**Work instruction**
Give the data again exactly, stopping after the "V \<Longrightarrow> (\<Sum>i" line.

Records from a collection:
================
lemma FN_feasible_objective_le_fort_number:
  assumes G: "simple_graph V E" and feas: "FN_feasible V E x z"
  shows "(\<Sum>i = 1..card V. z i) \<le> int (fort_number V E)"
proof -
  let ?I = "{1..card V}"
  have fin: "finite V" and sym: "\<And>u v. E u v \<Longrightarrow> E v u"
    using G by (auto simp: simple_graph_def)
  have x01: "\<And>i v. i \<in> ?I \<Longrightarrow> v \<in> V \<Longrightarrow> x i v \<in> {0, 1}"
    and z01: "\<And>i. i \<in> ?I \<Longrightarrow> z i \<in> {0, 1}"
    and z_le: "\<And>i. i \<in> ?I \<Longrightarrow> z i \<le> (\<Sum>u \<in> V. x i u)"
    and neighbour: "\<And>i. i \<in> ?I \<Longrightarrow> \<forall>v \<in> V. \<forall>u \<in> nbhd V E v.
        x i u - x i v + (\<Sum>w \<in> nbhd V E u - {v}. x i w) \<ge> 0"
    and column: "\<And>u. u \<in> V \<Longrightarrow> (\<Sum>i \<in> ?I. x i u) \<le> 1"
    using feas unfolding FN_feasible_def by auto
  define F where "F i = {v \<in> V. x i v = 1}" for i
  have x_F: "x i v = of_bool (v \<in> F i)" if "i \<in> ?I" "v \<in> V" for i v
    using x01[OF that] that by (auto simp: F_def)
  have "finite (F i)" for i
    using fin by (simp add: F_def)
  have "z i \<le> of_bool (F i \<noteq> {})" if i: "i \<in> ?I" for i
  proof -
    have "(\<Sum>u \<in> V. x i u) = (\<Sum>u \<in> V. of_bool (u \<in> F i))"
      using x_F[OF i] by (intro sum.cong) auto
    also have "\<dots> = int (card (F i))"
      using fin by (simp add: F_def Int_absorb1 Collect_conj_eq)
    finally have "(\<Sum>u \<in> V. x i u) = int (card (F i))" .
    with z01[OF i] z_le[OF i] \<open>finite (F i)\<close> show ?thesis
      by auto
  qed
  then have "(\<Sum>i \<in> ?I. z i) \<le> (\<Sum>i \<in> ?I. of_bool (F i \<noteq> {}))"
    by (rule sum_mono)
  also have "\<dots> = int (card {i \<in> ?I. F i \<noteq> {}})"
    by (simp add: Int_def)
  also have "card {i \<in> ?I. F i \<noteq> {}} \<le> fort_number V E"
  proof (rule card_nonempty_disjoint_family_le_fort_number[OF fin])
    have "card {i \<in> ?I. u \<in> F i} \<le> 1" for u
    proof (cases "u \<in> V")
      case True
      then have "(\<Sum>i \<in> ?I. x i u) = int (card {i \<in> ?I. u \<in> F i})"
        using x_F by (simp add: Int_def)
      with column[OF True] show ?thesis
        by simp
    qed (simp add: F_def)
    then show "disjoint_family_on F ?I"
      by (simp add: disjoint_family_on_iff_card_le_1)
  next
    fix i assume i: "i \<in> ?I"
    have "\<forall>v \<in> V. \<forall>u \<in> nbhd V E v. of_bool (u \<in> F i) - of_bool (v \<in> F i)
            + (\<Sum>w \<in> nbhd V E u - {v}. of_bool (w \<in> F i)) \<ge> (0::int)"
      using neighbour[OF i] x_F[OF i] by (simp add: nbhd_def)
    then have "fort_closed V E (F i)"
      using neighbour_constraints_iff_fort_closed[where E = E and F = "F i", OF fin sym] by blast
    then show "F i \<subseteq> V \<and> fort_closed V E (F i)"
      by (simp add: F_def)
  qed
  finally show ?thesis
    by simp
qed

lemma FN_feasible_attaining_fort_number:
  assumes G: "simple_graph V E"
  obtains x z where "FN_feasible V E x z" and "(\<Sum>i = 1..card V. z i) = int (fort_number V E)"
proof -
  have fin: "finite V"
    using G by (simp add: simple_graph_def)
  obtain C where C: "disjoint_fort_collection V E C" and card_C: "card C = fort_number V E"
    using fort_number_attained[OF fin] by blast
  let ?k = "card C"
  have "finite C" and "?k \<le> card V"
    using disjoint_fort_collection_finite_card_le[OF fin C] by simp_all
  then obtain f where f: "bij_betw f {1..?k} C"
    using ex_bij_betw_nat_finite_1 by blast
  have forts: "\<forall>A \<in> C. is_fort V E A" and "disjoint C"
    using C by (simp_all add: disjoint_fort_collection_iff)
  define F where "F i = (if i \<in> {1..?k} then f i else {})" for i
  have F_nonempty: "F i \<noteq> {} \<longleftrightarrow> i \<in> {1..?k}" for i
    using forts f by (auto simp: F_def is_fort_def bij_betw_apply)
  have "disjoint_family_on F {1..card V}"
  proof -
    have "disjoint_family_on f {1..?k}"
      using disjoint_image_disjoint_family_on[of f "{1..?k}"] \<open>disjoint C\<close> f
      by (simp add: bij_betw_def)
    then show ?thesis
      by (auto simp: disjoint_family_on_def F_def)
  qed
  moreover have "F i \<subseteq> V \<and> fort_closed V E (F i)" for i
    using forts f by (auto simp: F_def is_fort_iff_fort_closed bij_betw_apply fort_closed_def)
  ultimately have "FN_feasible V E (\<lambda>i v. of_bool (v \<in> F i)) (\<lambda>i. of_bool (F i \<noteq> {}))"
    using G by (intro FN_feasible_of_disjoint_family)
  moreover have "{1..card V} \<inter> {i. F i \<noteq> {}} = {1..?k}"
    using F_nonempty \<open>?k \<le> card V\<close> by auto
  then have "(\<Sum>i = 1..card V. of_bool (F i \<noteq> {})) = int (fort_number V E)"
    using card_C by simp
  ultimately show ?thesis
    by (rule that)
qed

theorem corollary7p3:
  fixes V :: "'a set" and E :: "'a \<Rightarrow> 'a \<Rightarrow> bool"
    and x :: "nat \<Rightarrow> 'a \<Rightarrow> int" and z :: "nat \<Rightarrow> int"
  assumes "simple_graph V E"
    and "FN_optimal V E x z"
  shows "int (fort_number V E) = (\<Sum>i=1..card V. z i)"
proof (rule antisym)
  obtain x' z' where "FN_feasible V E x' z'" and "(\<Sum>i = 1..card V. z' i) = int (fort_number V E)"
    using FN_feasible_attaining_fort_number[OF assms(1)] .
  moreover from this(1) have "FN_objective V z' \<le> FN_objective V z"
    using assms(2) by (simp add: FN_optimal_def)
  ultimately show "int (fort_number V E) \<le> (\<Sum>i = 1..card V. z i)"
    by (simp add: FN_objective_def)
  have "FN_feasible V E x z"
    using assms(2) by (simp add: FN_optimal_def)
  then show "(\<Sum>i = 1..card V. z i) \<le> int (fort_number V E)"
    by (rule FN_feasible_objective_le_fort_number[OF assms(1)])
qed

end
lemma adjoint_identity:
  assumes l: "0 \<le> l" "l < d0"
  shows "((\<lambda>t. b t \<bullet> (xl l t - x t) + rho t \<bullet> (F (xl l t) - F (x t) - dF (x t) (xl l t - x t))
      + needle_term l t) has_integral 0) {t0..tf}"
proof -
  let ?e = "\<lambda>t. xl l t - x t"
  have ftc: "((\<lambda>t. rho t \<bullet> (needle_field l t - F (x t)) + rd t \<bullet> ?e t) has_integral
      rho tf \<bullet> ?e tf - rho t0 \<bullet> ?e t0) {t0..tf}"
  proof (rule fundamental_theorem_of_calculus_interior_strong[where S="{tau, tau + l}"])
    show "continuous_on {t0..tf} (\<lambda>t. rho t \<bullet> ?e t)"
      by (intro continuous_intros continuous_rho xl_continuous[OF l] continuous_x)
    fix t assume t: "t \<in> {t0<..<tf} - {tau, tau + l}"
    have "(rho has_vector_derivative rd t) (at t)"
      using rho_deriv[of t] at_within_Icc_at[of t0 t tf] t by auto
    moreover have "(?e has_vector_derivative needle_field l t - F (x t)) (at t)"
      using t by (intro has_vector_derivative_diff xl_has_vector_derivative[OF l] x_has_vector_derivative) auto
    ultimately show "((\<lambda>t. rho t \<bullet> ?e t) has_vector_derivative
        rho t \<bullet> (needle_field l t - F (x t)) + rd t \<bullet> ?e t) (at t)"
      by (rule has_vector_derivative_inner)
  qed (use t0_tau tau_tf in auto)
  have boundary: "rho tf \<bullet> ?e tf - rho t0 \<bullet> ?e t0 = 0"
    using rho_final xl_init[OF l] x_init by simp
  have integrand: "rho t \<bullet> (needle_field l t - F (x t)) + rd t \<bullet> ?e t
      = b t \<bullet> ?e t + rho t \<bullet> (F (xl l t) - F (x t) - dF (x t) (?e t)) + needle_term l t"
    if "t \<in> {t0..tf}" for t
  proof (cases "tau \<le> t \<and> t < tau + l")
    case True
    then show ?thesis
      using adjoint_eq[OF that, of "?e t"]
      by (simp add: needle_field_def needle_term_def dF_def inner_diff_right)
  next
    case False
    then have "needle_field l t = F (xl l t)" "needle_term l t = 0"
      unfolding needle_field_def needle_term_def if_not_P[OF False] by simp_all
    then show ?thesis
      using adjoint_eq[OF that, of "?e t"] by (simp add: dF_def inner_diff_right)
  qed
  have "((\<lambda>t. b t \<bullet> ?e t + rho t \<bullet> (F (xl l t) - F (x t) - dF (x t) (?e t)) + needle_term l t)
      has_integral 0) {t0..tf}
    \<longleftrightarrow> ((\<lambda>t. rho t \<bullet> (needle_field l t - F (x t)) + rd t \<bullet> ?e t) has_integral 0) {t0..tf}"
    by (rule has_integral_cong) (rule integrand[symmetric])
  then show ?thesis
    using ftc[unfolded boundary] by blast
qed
================
**Completed task**
lemma FN_feasible_objective_le_fort_number:
  assumes G: "simple_graph V E" and feas: "FN_feasible V E x z"
  shows "(\<Sum>i = 1..card V. z i) \<le> int (fort_number V E)"
proof -
  let ?I = "{1..card V}"
  have fin: "finite V" and sym: "\<And>u v. E u v \<Longrightarrow> E v u"
    using G by (auto simp: simple_graph_def)
  have x01: "\<And>i v. i \<in> ?I \<Longrightarrow> v \<in> V \<Longrightarrow> x i v \<in> {0, 1}"
    and z01: "\<And>i. i \<in> ?I \<Longrightarrow> z i \<in> {0, 1}"
    and z_le: "\<And>i. i \<in> ?I \<Longrightarrow> z i \<le> (\<Sum>u \<in> V. x i u)"
    and neighbour: "\<And>i. i \<in> ?I \<Longrightarrow> \<forall>v \<in> V. \<forall>u \<in> nbhd V E v.
        x i u - x i v + (\<Sum>w \<in> nbhd V E u - {v}. x i w) \<ge> 0"
    and column: "\<And>u. u \<in> V \<Longrightarrow> (\<Sum>i \<in> ?I. x i u) \<le> 1"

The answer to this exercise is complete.